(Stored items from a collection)
——

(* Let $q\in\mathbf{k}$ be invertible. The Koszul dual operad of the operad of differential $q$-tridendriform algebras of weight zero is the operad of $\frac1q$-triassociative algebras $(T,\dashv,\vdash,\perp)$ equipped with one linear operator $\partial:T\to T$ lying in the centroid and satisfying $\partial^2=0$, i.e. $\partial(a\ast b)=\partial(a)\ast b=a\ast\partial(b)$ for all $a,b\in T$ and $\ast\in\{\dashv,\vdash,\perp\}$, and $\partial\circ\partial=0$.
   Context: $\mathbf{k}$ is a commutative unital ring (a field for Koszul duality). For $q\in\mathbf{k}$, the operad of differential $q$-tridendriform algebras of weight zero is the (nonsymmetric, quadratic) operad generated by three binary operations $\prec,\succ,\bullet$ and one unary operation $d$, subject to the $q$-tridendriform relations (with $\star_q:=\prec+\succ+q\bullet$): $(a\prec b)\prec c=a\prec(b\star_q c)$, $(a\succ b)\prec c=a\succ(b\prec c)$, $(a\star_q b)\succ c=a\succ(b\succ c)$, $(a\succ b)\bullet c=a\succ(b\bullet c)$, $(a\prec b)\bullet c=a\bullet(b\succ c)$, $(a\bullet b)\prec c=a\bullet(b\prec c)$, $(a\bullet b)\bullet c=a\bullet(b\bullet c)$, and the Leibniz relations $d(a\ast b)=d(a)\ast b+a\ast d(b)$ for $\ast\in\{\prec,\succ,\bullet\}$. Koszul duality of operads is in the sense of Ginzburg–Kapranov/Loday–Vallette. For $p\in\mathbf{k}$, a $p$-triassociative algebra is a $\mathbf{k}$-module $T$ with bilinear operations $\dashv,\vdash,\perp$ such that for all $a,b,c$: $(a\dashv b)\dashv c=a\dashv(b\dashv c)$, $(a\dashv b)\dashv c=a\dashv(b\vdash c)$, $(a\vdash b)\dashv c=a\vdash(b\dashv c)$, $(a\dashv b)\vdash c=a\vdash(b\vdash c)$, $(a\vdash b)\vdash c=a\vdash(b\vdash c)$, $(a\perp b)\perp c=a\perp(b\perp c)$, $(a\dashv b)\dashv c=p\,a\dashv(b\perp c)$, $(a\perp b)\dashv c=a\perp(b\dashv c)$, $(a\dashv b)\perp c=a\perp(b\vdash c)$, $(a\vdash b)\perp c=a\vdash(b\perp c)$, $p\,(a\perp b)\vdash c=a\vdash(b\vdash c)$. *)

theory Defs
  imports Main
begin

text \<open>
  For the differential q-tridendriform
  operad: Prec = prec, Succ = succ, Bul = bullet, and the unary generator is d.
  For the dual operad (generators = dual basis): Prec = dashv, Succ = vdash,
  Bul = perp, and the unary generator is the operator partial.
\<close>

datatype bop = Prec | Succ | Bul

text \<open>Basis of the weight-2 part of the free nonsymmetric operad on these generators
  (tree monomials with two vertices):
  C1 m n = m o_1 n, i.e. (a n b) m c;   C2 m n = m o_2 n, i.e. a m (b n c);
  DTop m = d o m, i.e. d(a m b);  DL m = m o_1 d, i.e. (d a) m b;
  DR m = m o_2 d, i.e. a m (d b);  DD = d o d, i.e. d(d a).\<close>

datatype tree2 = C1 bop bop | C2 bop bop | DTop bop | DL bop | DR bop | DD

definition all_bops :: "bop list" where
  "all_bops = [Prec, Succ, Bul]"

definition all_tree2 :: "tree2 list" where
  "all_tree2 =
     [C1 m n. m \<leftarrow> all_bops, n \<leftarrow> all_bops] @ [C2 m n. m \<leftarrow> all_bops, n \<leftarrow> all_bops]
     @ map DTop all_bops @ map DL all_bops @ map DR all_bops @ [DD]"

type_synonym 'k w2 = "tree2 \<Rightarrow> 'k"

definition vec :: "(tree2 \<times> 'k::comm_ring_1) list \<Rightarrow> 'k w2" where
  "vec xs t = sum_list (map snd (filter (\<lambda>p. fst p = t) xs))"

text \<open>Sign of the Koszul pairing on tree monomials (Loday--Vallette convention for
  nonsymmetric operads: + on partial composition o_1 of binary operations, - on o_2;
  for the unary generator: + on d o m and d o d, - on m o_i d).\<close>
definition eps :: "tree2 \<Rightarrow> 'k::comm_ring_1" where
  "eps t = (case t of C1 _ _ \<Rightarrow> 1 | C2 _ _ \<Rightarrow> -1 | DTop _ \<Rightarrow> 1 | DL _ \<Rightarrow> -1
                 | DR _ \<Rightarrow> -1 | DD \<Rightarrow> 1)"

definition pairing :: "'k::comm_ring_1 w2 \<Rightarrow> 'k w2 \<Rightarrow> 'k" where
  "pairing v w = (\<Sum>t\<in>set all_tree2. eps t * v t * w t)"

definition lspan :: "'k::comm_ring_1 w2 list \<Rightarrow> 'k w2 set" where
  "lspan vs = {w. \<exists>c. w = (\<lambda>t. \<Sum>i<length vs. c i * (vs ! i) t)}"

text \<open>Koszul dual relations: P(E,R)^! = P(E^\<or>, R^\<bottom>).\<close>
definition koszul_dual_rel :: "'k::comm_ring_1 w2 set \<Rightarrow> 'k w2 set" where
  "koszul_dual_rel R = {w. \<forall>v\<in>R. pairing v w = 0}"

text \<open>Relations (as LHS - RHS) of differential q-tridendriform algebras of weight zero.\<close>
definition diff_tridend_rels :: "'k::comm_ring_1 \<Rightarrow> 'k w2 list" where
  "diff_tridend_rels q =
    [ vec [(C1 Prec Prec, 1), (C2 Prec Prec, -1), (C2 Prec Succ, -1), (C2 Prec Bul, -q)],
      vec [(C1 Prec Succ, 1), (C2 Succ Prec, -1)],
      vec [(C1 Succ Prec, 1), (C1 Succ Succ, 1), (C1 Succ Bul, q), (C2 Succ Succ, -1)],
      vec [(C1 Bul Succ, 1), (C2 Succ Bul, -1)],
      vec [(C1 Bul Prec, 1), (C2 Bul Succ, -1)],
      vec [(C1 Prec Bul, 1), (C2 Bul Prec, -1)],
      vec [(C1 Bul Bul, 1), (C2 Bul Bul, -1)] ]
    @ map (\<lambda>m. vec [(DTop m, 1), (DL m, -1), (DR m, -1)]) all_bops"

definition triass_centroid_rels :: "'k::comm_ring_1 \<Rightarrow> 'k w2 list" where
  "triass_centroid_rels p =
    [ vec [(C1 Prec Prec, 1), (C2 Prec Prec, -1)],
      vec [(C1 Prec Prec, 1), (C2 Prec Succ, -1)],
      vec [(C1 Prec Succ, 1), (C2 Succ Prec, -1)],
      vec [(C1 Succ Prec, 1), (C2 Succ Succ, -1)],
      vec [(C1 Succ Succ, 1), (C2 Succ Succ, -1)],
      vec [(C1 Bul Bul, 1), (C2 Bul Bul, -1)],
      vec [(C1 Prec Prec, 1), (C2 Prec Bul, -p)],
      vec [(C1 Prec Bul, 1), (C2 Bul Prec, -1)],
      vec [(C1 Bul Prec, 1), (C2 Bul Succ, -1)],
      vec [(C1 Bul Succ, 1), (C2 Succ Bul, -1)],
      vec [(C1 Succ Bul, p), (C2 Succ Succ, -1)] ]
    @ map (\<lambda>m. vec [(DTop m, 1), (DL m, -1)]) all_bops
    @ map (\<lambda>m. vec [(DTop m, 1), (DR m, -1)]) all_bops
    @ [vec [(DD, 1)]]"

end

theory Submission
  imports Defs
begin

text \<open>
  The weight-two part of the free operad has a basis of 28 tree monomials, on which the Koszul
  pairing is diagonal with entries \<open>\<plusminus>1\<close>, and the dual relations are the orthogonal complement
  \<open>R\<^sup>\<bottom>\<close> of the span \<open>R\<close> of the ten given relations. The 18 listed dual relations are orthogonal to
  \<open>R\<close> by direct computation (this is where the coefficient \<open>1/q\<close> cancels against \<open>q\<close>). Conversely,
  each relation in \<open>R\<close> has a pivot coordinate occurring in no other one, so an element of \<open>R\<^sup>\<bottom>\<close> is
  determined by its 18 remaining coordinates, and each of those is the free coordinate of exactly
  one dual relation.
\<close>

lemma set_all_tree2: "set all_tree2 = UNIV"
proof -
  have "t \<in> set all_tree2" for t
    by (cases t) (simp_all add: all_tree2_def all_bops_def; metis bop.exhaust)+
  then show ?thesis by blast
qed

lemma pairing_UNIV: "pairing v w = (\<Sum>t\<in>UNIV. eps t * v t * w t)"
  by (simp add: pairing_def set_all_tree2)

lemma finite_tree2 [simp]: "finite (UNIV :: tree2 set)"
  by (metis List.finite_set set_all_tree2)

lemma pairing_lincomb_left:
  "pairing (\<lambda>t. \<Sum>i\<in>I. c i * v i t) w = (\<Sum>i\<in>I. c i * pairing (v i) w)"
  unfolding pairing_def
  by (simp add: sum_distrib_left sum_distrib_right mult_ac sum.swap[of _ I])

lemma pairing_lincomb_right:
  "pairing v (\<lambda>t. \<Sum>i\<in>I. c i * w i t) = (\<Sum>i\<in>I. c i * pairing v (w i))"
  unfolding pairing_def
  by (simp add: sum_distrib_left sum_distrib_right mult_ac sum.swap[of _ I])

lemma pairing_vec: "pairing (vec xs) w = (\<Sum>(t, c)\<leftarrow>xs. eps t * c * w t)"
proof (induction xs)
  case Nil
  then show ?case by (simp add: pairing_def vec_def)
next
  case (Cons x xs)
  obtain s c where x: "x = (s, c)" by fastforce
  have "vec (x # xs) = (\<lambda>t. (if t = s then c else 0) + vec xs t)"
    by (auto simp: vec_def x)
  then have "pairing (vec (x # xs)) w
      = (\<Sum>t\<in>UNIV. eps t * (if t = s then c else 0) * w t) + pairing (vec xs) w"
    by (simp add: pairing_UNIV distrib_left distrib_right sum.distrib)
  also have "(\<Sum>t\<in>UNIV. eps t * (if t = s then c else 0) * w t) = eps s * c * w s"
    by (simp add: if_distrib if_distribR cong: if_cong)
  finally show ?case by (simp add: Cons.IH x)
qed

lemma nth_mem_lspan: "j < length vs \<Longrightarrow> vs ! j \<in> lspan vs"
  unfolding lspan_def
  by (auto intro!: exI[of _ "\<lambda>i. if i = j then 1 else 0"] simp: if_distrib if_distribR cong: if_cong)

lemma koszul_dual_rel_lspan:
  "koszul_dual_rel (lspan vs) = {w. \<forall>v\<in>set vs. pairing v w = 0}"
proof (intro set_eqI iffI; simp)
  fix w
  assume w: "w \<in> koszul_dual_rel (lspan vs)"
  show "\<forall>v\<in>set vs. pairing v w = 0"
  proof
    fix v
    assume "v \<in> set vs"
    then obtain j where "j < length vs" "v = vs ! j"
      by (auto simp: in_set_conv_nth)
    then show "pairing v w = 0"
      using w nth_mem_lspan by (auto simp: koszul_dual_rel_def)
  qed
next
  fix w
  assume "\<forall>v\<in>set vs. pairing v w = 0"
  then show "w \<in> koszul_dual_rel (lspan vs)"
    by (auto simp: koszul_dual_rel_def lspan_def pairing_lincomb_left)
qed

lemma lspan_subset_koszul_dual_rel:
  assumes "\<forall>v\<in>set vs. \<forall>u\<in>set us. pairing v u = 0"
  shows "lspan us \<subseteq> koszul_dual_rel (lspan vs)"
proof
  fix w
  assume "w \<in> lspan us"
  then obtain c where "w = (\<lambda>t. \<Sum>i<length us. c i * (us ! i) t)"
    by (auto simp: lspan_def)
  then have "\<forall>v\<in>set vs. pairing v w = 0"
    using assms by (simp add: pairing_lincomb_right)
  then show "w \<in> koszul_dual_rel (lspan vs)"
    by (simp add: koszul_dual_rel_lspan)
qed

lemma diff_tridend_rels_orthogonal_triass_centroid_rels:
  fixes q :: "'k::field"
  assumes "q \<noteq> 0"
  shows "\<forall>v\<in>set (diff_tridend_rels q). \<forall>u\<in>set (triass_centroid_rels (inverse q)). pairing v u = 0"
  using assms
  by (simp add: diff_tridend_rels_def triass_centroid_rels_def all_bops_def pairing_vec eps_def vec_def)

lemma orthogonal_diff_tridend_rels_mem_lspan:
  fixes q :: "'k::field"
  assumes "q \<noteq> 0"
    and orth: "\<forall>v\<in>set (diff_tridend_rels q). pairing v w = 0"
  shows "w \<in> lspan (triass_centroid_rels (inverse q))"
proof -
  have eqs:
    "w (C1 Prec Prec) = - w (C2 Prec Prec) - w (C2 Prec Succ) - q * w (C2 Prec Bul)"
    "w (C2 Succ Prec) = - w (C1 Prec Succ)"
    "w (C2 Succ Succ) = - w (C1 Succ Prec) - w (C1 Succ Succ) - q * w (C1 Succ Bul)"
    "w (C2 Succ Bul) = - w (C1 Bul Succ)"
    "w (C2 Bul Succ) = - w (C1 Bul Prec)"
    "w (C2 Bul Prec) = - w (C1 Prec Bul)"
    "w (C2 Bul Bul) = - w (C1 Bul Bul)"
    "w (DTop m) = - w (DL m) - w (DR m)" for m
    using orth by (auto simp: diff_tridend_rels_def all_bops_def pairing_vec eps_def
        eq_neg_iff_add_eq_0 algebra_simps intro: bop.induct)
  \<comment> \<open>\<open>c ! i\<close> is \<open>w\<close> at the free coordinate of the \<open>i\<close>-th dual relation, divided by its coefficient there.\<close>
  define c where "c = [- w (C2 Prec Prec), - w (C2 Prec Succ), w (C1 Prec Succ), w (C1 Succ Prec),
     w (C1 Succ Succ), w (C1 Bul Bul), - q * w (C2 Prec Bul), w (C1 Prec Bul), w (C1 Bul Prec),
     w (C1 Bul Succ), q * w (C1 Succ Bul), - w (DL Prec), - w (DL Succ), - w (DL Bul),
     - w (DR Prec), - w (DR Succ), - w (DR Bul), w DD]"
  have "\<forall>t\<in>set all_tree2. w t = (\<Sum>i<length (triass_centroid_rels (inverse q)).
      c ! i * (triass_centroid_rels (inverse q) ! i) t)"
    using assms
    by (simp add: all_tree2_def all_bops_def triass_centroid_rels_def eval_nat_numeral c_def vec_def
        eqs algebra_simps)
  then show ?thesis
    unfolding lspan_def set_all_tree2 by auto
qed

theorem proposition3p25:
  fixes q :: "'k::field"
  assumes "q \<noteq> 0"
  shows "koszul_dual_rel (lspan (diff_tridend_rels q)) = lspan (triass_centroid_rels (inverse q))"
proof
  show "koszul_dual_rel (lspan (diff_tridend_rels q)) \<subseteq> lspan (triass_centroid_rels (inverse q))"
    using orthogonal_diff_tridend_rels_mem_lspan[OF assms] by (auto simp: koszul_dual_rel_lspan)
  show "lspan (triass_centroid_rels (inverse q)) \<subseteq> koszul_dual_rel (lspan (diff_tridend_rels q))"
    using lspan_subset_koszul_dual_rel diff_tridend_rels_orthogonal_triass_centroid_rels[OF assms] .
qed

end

——

[Required work] The entries above hold a line with "(C2 Bul Bul)" and a later line with "eq_neg_iff_add_eq_0 algebra_simps intro: bop.induct)". Write out exactly those lines and all lines between, nothing more.

[Finished task]
    "w (C2 Bul Bul) = - w (C1 Bul Bul)"
    "w (DTop m) = - w (DL m) - w (DR m)" for m
    using orth by (auto simp: diff_tridend_rels_def all_bops_def pairing_vec eps_def
        eq_neg_iff_add_eq_0 algebra_simps intro: bop.induct)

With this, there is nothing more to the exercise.